The purpose of this notebook is to prep the files to be able to use AutoRT. The first part prepares the data that we use to train AutoRT.
The second part gets each individual file ready to run through AutoRT. The modifications must be specified a specific way. The peptide column must be titled "x" and the actual retention time must be titled "y". 

In [1]:
import os
import mokapot
import numpy as np
import pandas as pd
import matplotlib.pyplot as plt
import sys
sys.path.append("..")
sys.path
import data_loader as dl

The purpose of this function is to clean up the original 'before' data so that we are not counting decoys or duplicate scans.

In [2]:
def filter_data(df, prob_column):
    #drop decoys
    df = df[df["decoy"]==False]
    #sort by qvalue
    df = df.sort_values(prob_column)
    #drop duplicate scans
    df = df.drop_duplicates(subset=["scan"], keep="first") #keep highest scoring
    
    return df

AutoRT requries that all modifications be input as numbers. Here we are formatting the modifications as needed. 1 represents oxidation and 2 represents carbamidomethyl. 

In [3]:
def format_oxidation(row, column, to_replace):
    peptide = row[column]
    replace_with = "1"
    if pd.isna(peptide):
        new_pep = peptide
    else:
        if to_replace in peptide:
            new_pep = peptide.replace(to_replace, replace_with)
        else:
            new_pep = peptide
    return new_pep


def format_carbamidomethyl(row, column, to_replace):
    peptide = row[column]
    replace_with = "2"
    if pd.isna(peptide):
        new_pep = peptide
    else:
        if to_replace in peptide:
            new_pep = peptide.replace(to_replace, replace_with)
        else:
            new_pep = peptide
    return new_pep


def format_carbamidomethyl2(row, column, to_replace):
    peptide = row[column]
    replace_with = "3"
    if pd.isna(peptide):
        new_pep = peptide
    else:
        if to_replace in peptide:
            new_pep = peptide.replace(to_replace, replace_with)
        else:
            new_pep = peptide
    return new_pep

Occasionally we are given back multiple peptides.
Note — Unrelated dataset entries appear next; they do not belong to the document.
(* Let $\alpha\in(0,\infty)$, $\beta\in(0,1]$, and let $Y$ be a non-negative random variable with $\mathbb{E}Y^2<\infty$ and $\mathrm{Var}\,Y\leq\mathbb{E}Y=:\mu$. Then $$\mathbb{E}\frac{1}{(\alpha+Y)^\beta}\leq\frac{\widetilde C(\alpha,\beta)}{(\alpha+\mu)^\beta},$$ where $\widetilde C(\alpha,\beta)=\sup_{x\in[0,\infty)}h(x)$ with $h(x)=\frac{(\alpha+x)^\beta}{1+x}\big(\frac{x}{(\alpha+1+x)^\beta}+\frac{1}{\alpha^\beta}\big)$. Moreover, for fixed $\alpha$ and $\beta$ the factor $\widetilde C(\alpha,\beta)$ cannot be replaced by a smaller constant (in the sense that the inequality with a smaller constant fails for some such $Y$). *)

theory Defs
  imports "HOL-Probability.Probability"
begin

definition h_fun :: "real \<Rightarrow> real \<Rightarrow> real \<Rightarrow> real" where
  "h_fun \<alpha> \<beta> x = (\<alpha> + x) powr \<beta> / (1 + x) *
      (x / (\<alpha> + 1 + x) powr \<beta> + 1 / \<alpha> powr \<beta>)"

definition C_tilde :: "real \<Rightarrow> real \<Rightarrow> real" where
  "C_tilde \<alpha> \<beta> = (SUP x\<in>{0..}. h_fun \<alpha> \<beta> x)"

end

theory Submission
  imports Defs
begin

(* For f(y) = (alpha + y) powr -beta the second derivative f'' is positive and strictly
   decreasing.  Hence on [0, inf) f lies below the quadratic q that agrees with f at 0 and touches it at
   t = 1 + mu, and the leading coefficient of q is nonnegative.  E q(Y) depends only on E Y = mu
   and E Y^2 = Var Y + mu^2 <= mu + mu^2, and increases with the latter; at the maximal value it
   equals E q(Z) = E f(Z) for the law Z on {0, 1 + mu} with mean and variance mu, because q = f
   on the support of Z.  Thus E f(Y) <= E f(Z) = h(mu) / (alpha + mu) powr beta, and since the
   laws Z attain this value for every mu, the supremum of h cannot be lowered. *)

lemma MVT_sgn:
  fixes f f' :: "real \<Rightarrow> real"
  assumes "a < b" and "\<And>x. a \<le> x \<Longrightarrow> x \<le> b \<Longrightarrow> (f has_real_derivative f' x) (at x)"
  obtains z where "a < z" "z < b" "sgn (f' z) = sgn (f b - f a)"
proof -
  obtain z where z: "a < z" "z < b" "f b - f a = (b - a) * f' z"
    using MVT2[of a b f f'] assms by blast
  then have "sgn (f' z) = sgn (f b - f a)"
    by (simp add: sgn_mult)
  with z that show thesis by blast
qed

lemma nonneg_if_deriv2_strict_mono:
  fixes g g' g'' :: "real \<Rightarrow> real"
  assumes g': "\<And>x. a \<le> x \<Longrightarrow> (g has_real_derivative g' x) (at x)"
    and g'': "\<And>x. a \<le> x \<Longrightarrow> (g' has_real_derivative g'' x) (at x)"
    and mono: "strict_mono_on {a..} g''"
    and "a < t" and "g a = 0" and "g t = 0" and "g' t = 0" and "a \<le> y"
  shows "0 \<le> g y"
proof (rule ccontr)
  assume neg: "\<not> 0 \<le> g y"
  have sgn_g: "\<exists>z. u < z \<and> z < v \<and> sgn (g' z) = sgn (g v - g u)" if "a \<le> u" "u < v" for u v
    by (rule MVT_sgn[of u v g g']) (use that g' in auto)
  have sgn_g': "\<exists>z. u < z \<and> z < v \<and> sgn (g'' z) = sgn (g' v - g' u)" if "a \<le> u" "u < v" for u v
    by (rule MVT_sgn[of u v g' g'']) (use that g'' in auto)
  have g''_less: "g'' u < g'' v" if "a \<le> u" "u < v" for u v
    using strict_mono_onD[OF mono] that by simp
  consider "t < y" | "a < y" "y < t"
    using neg assms by fastforce
  then show False
  proof cases
    case 1
    obtain z1 where z1: "a < z1" "z1 < t" "g' z1 = 0"
      using sgn_g[of a t] assms by (auto simp: sgn_eq_0_iff)
    obtain z2 where z2: "z1 < z2" "z2 < t" "g'' z2 = 0"
      using sgn_g'[of z1 t] z1 assms by (auto simp: sgn_eq_0_iff)
    obtain z3 where z3: "t < z3" "z3 < y" "g' z3 < 0"
      using sgn_g[of t y] 1 neg assms by (auto simp: sgn_if split: if_splits)
    obtain z4 where z4: "t < z4" "z4 < z3" "g'' z4 < 0"
      using sgn_g'[of t z3] z3 assms by (auto simp: sgn_if split: if_splits)
    show False using g''_less[of z2 z4] z1 z2 z4 by simp
  next
    case 2
    obtain z1 where z1: "a < z1" "z1 < y" "g' z1 < 0"
      using sgn_g[of a y] 2 neg assms by (auto simp: sgn_if split: if_splits)
    obtain z2 where z2: "y < z2" "z2 < t" "0 < g' z2"
      using sgn_g[of y t] 2 neg assms by (auto simp: sgn_if split: if_splits)
    obtain z3 where z3: "z1 < z3" "z3 < z2" "0 < g'' z3"
      using sgn_g'[of z1 z2] z1 z2 by (auto simp: sgn_if split: if_splits)
    obtain z4 where z4: "z2 < z4" "z4 < t" "g'' z4 < 0"
      using sgn_g'[of z2 t] z1 z2 assms by (auto simp: sgn_if split: if_splits)
    show False using g''_less[of z3 z4] z1 z3 z4 by simp
  qed
qed

lemma le_tangent_secant_quadratic:
  fixes f f' f'' :: "real \<Rightarrow> real"
  assumes f': "\<And>x. a \<le> x \<Longrightarrow> (f has_real_derivative f' x) (at x)"
    and f'': "\<And>x. a \<le> x \<Longrightarrow> (f' has_real_derivative f'' x) (at x)"
    and anti: "strict_antimono_on {a..} f''"
    and "a < t" and "a \<le> y"
  shows "f y \<le> f t + f' t * (y - t) + (f a - f t + f' t * (t - a)) / (t - a)^2 * (y - t)^2"
proof -
  define c where "c = (f a - f t + f' t * (t - a)) / (t - a)^2"
  define g where "g y = f t + f' t * (y - t) + c * (y - t)^2 - f y" for y
  define g' where "g' y = f' t + 2 * c * (y - t) - f' y" for y
  define g'' where "g'' y = 2 * c - f'' y" for y
  have "0 \<le> g y"
  proof (rule nonneg_if_deriv2_strict_mono[where g = g and g' = g' and g'' = g'' and a = a and t = t])
    show "(g has_real_derivative g' x) (at x)" if "a \<le> x" for x
    proof -
      have "((\<lambda>y. f t + f' t * (y - t) + c * (y - t)^2) has_real_derivative f' t + 2 * c * (x - t)) (at x)"
        by (auto intro!: derivative_eq_intros)
      from DERIV_diff[OF this f'[OF that]] show ?thesis
        unfolding g_def g'_def by simp
    qed
    show "(g' has_real_derivative g'' x) (at x)" if "a \<le> x" for x
    proof -
      have "((\<lambda>y. f' t + 2 * c * (y - t)) has_real_derivative 2 * c) (at x)"
        by (auto intro!: derivative_eq_intros)
      from DERIV_diff[OF this f''[OF that]] show ?thesis
        unfolding g'_def g''_def by simp
    qed
    show "strict_mono_on {a..} g''"
      using anti unfolding g''_def by (auto simp: monotone_on_def)
    have "c * (a - t)^2 = f a - f t + f' t * (t - a)"
      using \<open>a < t\<close> by (simp add: c_def power2_commute)
    then show "g a = 0"
      by (simp add: g_def algebra_simps)
  qed (use assms in \<open>simp_all add: g_def g'_def\<close>)
  then show ?thesis
    unfolding g_def c_def by linarith
qed

definition two_point_pmf :: "real \<Rightarrow> real pmf" where
  "two_point_pmf \<mu> = map_pmf (\<lambda>b. if b then 1 + \<mu> else 0) (bernoulli_pmf (\<mu> / (1 + \<mu>)))"

lemma expectation_two_point_pmf:
  assumes "0 \<le> \<mu>"
  shows "measure_pmf.expectation (two_point_pmf \<mu>) g = (g 0 + \<mu> * g (1 + \<mu>)) / (1 + \<mu>)"
proof -
  have "measure_pmf.expectation (two_point_pmf \<mu>) g
      = g (1 + \<mu>) * (\<mu> / (1 + \<mu>)) + g 0 * (1 - \<mu> / (1 + \<mu>))"
    using assms by (simp add: two_point_pmf_def)
  also have "\<dots> = (g 0 + \<mu> * g (1 + \<mu>)) / (1 + \<mu>)"
    using assms by (simp add: field_simps add_nonneg_eq_0_iff)
  finally show ?thesis .
qed

lemma (in prob_space) expectation_square_deviation:
  fixes Y :: "'a \<Rightarrow> real"
  assumes "integrable M Y" and "integrable M (\<lambda>\<omega>. (Y \<omega>)^2)"
  shows "expectation (\<lambda>\<omega>. (Y \<omega> - t)^2) = variance Y + (t - expectation Y)^2"
  using assms by (simp add: variance_eq power2_diff prob_space field_simps power2_eq_square)

lemma (in prob_space) expectation_le_two_point_pmf:
  fixes f f' f'' :: "real \<Rightarrow> real" and Y :: "'a \<Rightarrow> real"
  assumes f': "\<And>x. 0 \<le> x \<Longrightarrow> (f has_real_derivative f' x) (at x)"
    and f'': "\<And>x. 0 \<le> x \<Longrightarrow> (f' has_real_derivative f'' x) (at x)"
    and anti: "strict_antimono_on {0..} f''"
    and convex: "\<And>x. 0 \<le> x \<Longrightarrow> 0 \<le> f'' x"
    and Y_meas: "random_variable borel Y"
    and Y_nonneg: "\<And>\<omega>. \<omega> \<in> space M \<Longrightarrow> 0 \<le> Y \<omega>"
    and Y_sq: "integrable M (\<lambda>\<omega>. (Y \<omega>)^2)"
    and var: "variance Y \<le> expectation Y"
    and f_int: "integrable M (\<lambda>\<omega>. f (Y \<omega>))"
  shows "expectation (\<lambda>\<omega>. f (Y \<omega>)) \<le> measure_pmf.expectation (two_point_pmf (expectation Y)) f"
proof -
  define \<mu> where "\<mu> = expectation Y"
  define t where "t = 1 + \<mu>"
  define c where "c = (f 0 - f t + f' t * t) / t^2"
  have Y_int: "integrable M Y"
    using square_integrable_imp_integrable[OF Y_meas Y_sq] .
  have "0 \<le> \<mu>"
    unfolding \<mu>_def using Y_nonneg by (simp add: integral_nonneg)
  then have "0 < t"
    by (simp add: t_def)
  have "0 \<le> c"
  proof -
    have "convex_on {0..} f"
      using f' f'' convex by (intro f''_ge0_imp_convex[where f' = f' and f'' = f'']) auto
    then have "f' t * (0 - t) \<le> f 0 - f t"
      by (rule convex_on_imp_above_tangent) (use \<open>0 < t\<close> f'[of t] in \<open>auto intro: has_field_derivative_at_within\<close>)
    then show ?thesis
      by (simp add: c_def)
  qed
  have majorant: "f (Y \<omega>) \<le> f t + f' t * (Y \<omega> - t) + c * (Y \<omega> - t)^2" if "\<omega> \<in> space M" for \<omega>
    using le_tangent_secant_quadratic[OF f' f'' anti \<open>0 < t\<close> Y_nonneg[OF that]]
    by (simp add: c_def)
  have dev_int: "integrable M (\<lambda>\<omega>. (Y \<omega> - t)^2)"
    using Y_int Y_sq by (simp add: power2_diff)
  have "expectation (\<lambda>\<omega>. (Y \<omega> - t)^2) = variance Y + (t - \<mu>)^2"
    using Y_int Y_sq unfolding \<mu>_def by (rule expectation_square_deviation)
  also have "\<dots> \<le> t"
    using var by (simp add: t_def \<mu>_def)
  finally have dev: "expectation (\<lambda>\<omega>. (Y \<omega> - t)^2) \<le> t" .
  have "expectation (\<lambda>\<omega>. f (Y \<omega>)) \<le> expectation (\<lambda>\<omega>. f t + f' t * (Y \<omega> - t) + c * (Y \<omega> - t)^2)"
    using f_int Y_int dev_int majorant by (intro integral_mono) auto
  also have "\<dots> = f t + f' t * (\<mu> - t) + c * expectation (\<lambda>\<omega>. (Y \<omega> - t)^2)"
    using Y_int dev_int by (simp add: prob_space \<mu>_def)
  also have "\<dots> \<le> f t + f' t * (\<mu> - t) + c * t"
    using dev \<open>0 \<le> c\<close> by (simp add: mult_left_mono)
  also have "\<dots> = (f 0 + \<mu> * f t) / t"
  proof -
    have "c * t = (f 0 - f t) / t + f' t"
      using \<open>0 < t\<close> by (simp add: c_def power2_eq_square field_simps)
    moreover have "f t + (f 0 - f t) / t = (f 0 + \<mu> * f t) / t"
      using \<open>0 < t\<close> by (simp add: t_def field_simps)
    ultimately show ?thesis
      by (simp add: t_def)
  qed
  finally show ?thesis
    using \<open>0 \<le> \<mu>\<close> by (simp add: expectation_two_point_pmf \<mu>_def t_def)
qed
We take the first one and use it, as AutoRT will not know what to do with multiple peptides seperated by a "|"

In [4]:
#pulling only one peptide out
def format_peptide(row):
    string = row
    if '|' in string:
        spot = string.find('|')
        string = string[ :spot]
    
    return string

Only pulling the scans with a qvalue of 0 to give to AutoRT to train on. 

In [5]:
#pulling the best scans based off of qvalue. 
df = dl.clean_metamorph("2ng_rep5")
df = filter_data(df, "QValue")
#Taking only the best scoring
df = df[df["QValue"]== 0.0]

df["RT_formatted_peptides"] = df["Full Sequence"].apply(format_peptide)

df["RT_formatted_peptides"] = df.apply(lambda row: format_oxidation(row, "RT_formatted_peptides", "[Common Variable:Oxidation on M]"), axis=1)
df["RT_formatted_peptides"] = df.apply(lambda row: format_carbamidomethyl(row, "RT_formatted_peptides", "[Common Fixed:Carbamidomethyl on C]"), axis=1)


In [6]:
df = df.filter(['RT_formatted_peptides', 'Scan Retention Time'])
df.rename(columns = {'RT_formatted_peptides' : 'x', 'Scan Retention Time': "y"}, inplace = True)
df.to_csv("RT_training.tsv", sep ='\t')

Unnamed: 0,x,y
0,LVQDVANNTNEEAGDGTTTATVLAR,54.35835
7285,ELTSTC2SPIISK,46.61025
7286,MLVSGAGDIK,46.86372
7287,GDFC2IQVGR,55.17063
7288,TLQTISLLGYMK,86.17753
...,...,...
3647,VAQVAEITYGQK,46.79825
3634,MIAAVDTDSPR,41.81118
3646,SITILSTPEGTSAAC2K,57.68496
3645,IWSVPNASC2VQVVR,69.54589


Formatting the 2ng file to be able to be ran through AutoRT

In [7]:
all_files = ["2ng_rep1", "2ng_rep2", "2ng_rep3", "2ng_rep4", "2ng_rep5", "2ng_rep6", 
             "0.2ng_rep1", "0.2ng_rep2", "0.2ng_rep3", "0.2ng_rep4", "0.2ng_rep5", "0.2ng_rep6"]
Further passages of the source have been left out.